• Saved data entries:
lemma lpnorm_sub_heat_horizon_le:
  assumes bound: "\<And>t. 0 \<le> t \<Longrightarrow> t \<le> horizon \<Longrightarrow>
      lpnorm p n (heat J n t (hDelta n f)) \<le> B * exp (- lam * t powr (1/\<alpha>))"
    and lam: "0 < lam" and B: "0 \<le> B"
  shows "lpnorm p n (\<lambda>A. f A - heat J n horizon f A) \<le> B * exp 1 / lam powr \<alpha>"
proof -
  have T: "0 \<le> horizon" using horizon_ge abscissa_ge_1 by simp
  have E: "((\<lambda>t. B * exp (1 - lam powr \<alpha> * t)) has_integral
      B * ((exp 1 - exp (1 - lam powr \<alpha> * horizon)) / lam powr \<alpha>)) {0..horizon}"
    using lam T by (intro has_integral_mult_right has_integral_exp_affine) auto
  have "lpnorm p n (\<lambda>A. f A - heat J n horizon f A) \<le> integral {0..horizon} (\<lambda>t. B * exp (1 - lam powr \<alpha> * t))"
  proof (rule lpnorm_has_integral_le[OF p_gt_1 has_integral_heat_hDelta[OF _ T]])
    show "(\<lambda>t. norm (heat J n (of_real t) (hDelta n f) A)) integrable_on {0..horizon}" for A
      by (intro integrable_continuous_interval continuous_intros continuous_on_heat complex_structure)
    show "lpnorm p n (heat J n (of_real t) (hDelta n f)) \<le> B * exp (1 - lam powr \<alpha> * t)"
      if "t \<in> {0..horizon}" for t
      using bound[of t] exp_neg_powr_le[OF lam alpha_pos alpha_le_1, of t] that B
      by (auto intro: order.trans mult_left_mono)
  qed (use E in auto)
  also have "\<dots> \<le> B * exp 1 / lam powr \<alpha>"
    using integral_unique[OF E] lam B by (simp add: divide_right_mono mult_left_mono)
  finally show ?thesis .
qed

lemma tail_lower_bound:
  obtains c where "0 < c"
    "\<And>n d f. 0 < d \<Longrightarrow> tail_space n d f \<Longrightarrow> sector_bounded n f \<Longrightarrow> sector_bounded n (hDelta n f) \<Longrightarrow>
       c * real d powr \<alpha> * lpnorm p n f \<le> lpnorm p n (hDelta n f)"
proof -
  obtain C \<kappa> where C: "1 \<le> C" "0 < \<kappa>" and bound: "\<And>n g d t. sector_bounded n g \<Longrightarrow> tail_space n d g \<Longrightarrow>
      0 \<le> t \<Longrightarrow> t \<le> horizon \<Longrightarrow>
      lpnorm p n (heat J n t g) \<le> C * M * lpnorm p n g * exp (- \<kappa> * real (d + 1) * t powr (1/\<alpha>))"
    using heat_bound by blast
  define B where "B = 2 * exp 1 * C * M"
  have B: "0 < B" using C M_ge_1 by (simp add: B_def)
  show ?thesis
  proof (rule that)
    show "0 < \<kappa> powr \<alpha> / B" using C B by simp
    fix n d and f :: "nat set \<Rightarrow> 'a"
    assume d: "0 < d" and tail: "tail_space n d f" and f: "sector_bounded n f" and g: "sector_bounded n (hDelta n f)"
    define lam where "lam = \<kappa> * real (d + 1)"
    have lam: "0 < lam" using C by (simp add: lam_def)
    have "tail_space n d (hDelta n f)"
      using tail by (simp add: tail_space_def fourier_hDelta)
    then have "lpnorm p n (\<lambda>A. f A - heat J n horizon f A) \<le> C * M * lpnorm p n (hDelta n f) * exp 1 / lam powr \<alpha>"
      using bound[OF g] C M_ge_1 lam
      by (intro lpnorm_sub_heat_horizon_le) (auto simp: lam_def mult_ac lpnorm_nonneg)
    moreover have "lpnorm p n f \<le> lpnorm p n (\<lambda>A. f A - heat J n horizon f A) + lpnorm p n (heat J n horizon f)"
      using lpnorm_triangle[OF p_gt_1, of n "\<lambda>A. f A - heat J n horizon f A" "heat J n horizon f"] by simp
    ultimately have "lpnorm p n f \<le> 2 * (C * M * lpnorm p n (hDelta n f) * exp 1 / lam powr \<alpha>)"
      using heat_horizon_le_half[OF f tail] by linarith
    then have "lam powr \<alpha> * lpnorm p n f \<le> B * lpnorm p n (hDelta n f)"
      using lam by (simp add: B_def field_simps)
    moreover have "(\<kappa> * real d) powr \<alpha> * lpnorm p n f \<le> lam powr \<alpha> * lpnorm p n f"
      using C alpha_pos by (intro mult_right_mono powr_mono2) (auto simp: lam_def lpnorm_nonneg)
    ultimately have "(\<kappa> * real d) powr \<alpha> * lpnorm p n f \<le> B * lpnorm p n (hDelta n f)"
      by linarith
    then show "\<kappa> powr \<alpha> / B * real d powr \<alpha> * lpnorm p n f \<le> lpnorm p n (hDelta n f)"
      using B C by (simp add: powr_mult field_simps)
  qed
qed

end

theorem mainTheorem1:
  fixes J :: "'a::banach \<Rightarrow> 'a" and p \<alpha> :: real
  assumes "complex_structure J"
    and "K_convex TYPE('a)"
    and "1 < p"
    and "0 < \<alpha>" and "\<alpha> \<le> 1"
    and "\<exists>M. \<forall>n\<ge>1. \<forall>z\<in>sector \<alpha>. \<forall>f :: nat set \<Rightarrow> 'a.
            lpnorm p n (heat J n z f) \<le> M * lpnorm p n f"
  shows "\<exists>c>0. \<forall>n d (f :: nat set \<Rightarrow> 'a). d < n \<longrightarrow> tail_space n d f \<longrightarrow>
            lpnorm p n (hDelta n f) \<ge> c * real d powr \<alpha> * lpnorm p n f"
proof -
  obtain M where M: "\<And>n z f. 1 \<le> n \<Longrightarrow> z \<in> sector \<alpha> \<Longrightarrow> lpnorm p n (heat J n z f) \<le> M * lpnorm p n f"
    using assms(6) by blast
  interpret sectorial_heat J p \<alpha> "max M 1"
    using assms by unfold_locales auto
  have bounded: "sector_bounded n f" if "1 \<le> n" for n and f :: "nat set \<Rightarrow> 'a"
    unfolding sector_bounded_def
    using M[OF that] mult_right_mono[OF max.cobounded1 lpnorm_nonneg] by (blast intro: order.trans)
  obtain c where c: "0 < c" and lower: "\<And>n d f. 0 < d \<Longrightarrow> tail_space n d f \<Longrightarrow> sector_bounded n f \<Longrightarrow>
      sector_bounded n (hDelta n f) \<Longrightarrow> c * real d powr \<alpha> * lpnorm p n f \<le> lpnorm p n (hDelta n f)"
    using tail_lower_bound by blast
  have "c * real d powr \<alpha> * lpnorm p n f \<le> lpnorm p n (hDelta n f)"
    if "d < n" "tail_space n d f" for n d and f :: "nat set \<Rightarrow> 'a"
    using lower[of d n f] that bounded[of n f] bounded[of n "hDelta n f"]
    by (cases "d = 0") (auto simp: lpnorm_nonneg)
  then show ?thesis using c by blast
qed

• Task item:
In the records above, find each line that mentions the word "shows", and copy it.

• Answer space:
  shows "lpnorm p n (\<lambda>A. f A - heat J n horizon f A) \<le> B * exp 1 / lam powr \<alpha>"
  shows "\<exists>c>0. \<forall>n d (f :: nat set \<Rightarrow> 'a). d < n \<longrightarrow> tail_space n d f \<longrightarrow>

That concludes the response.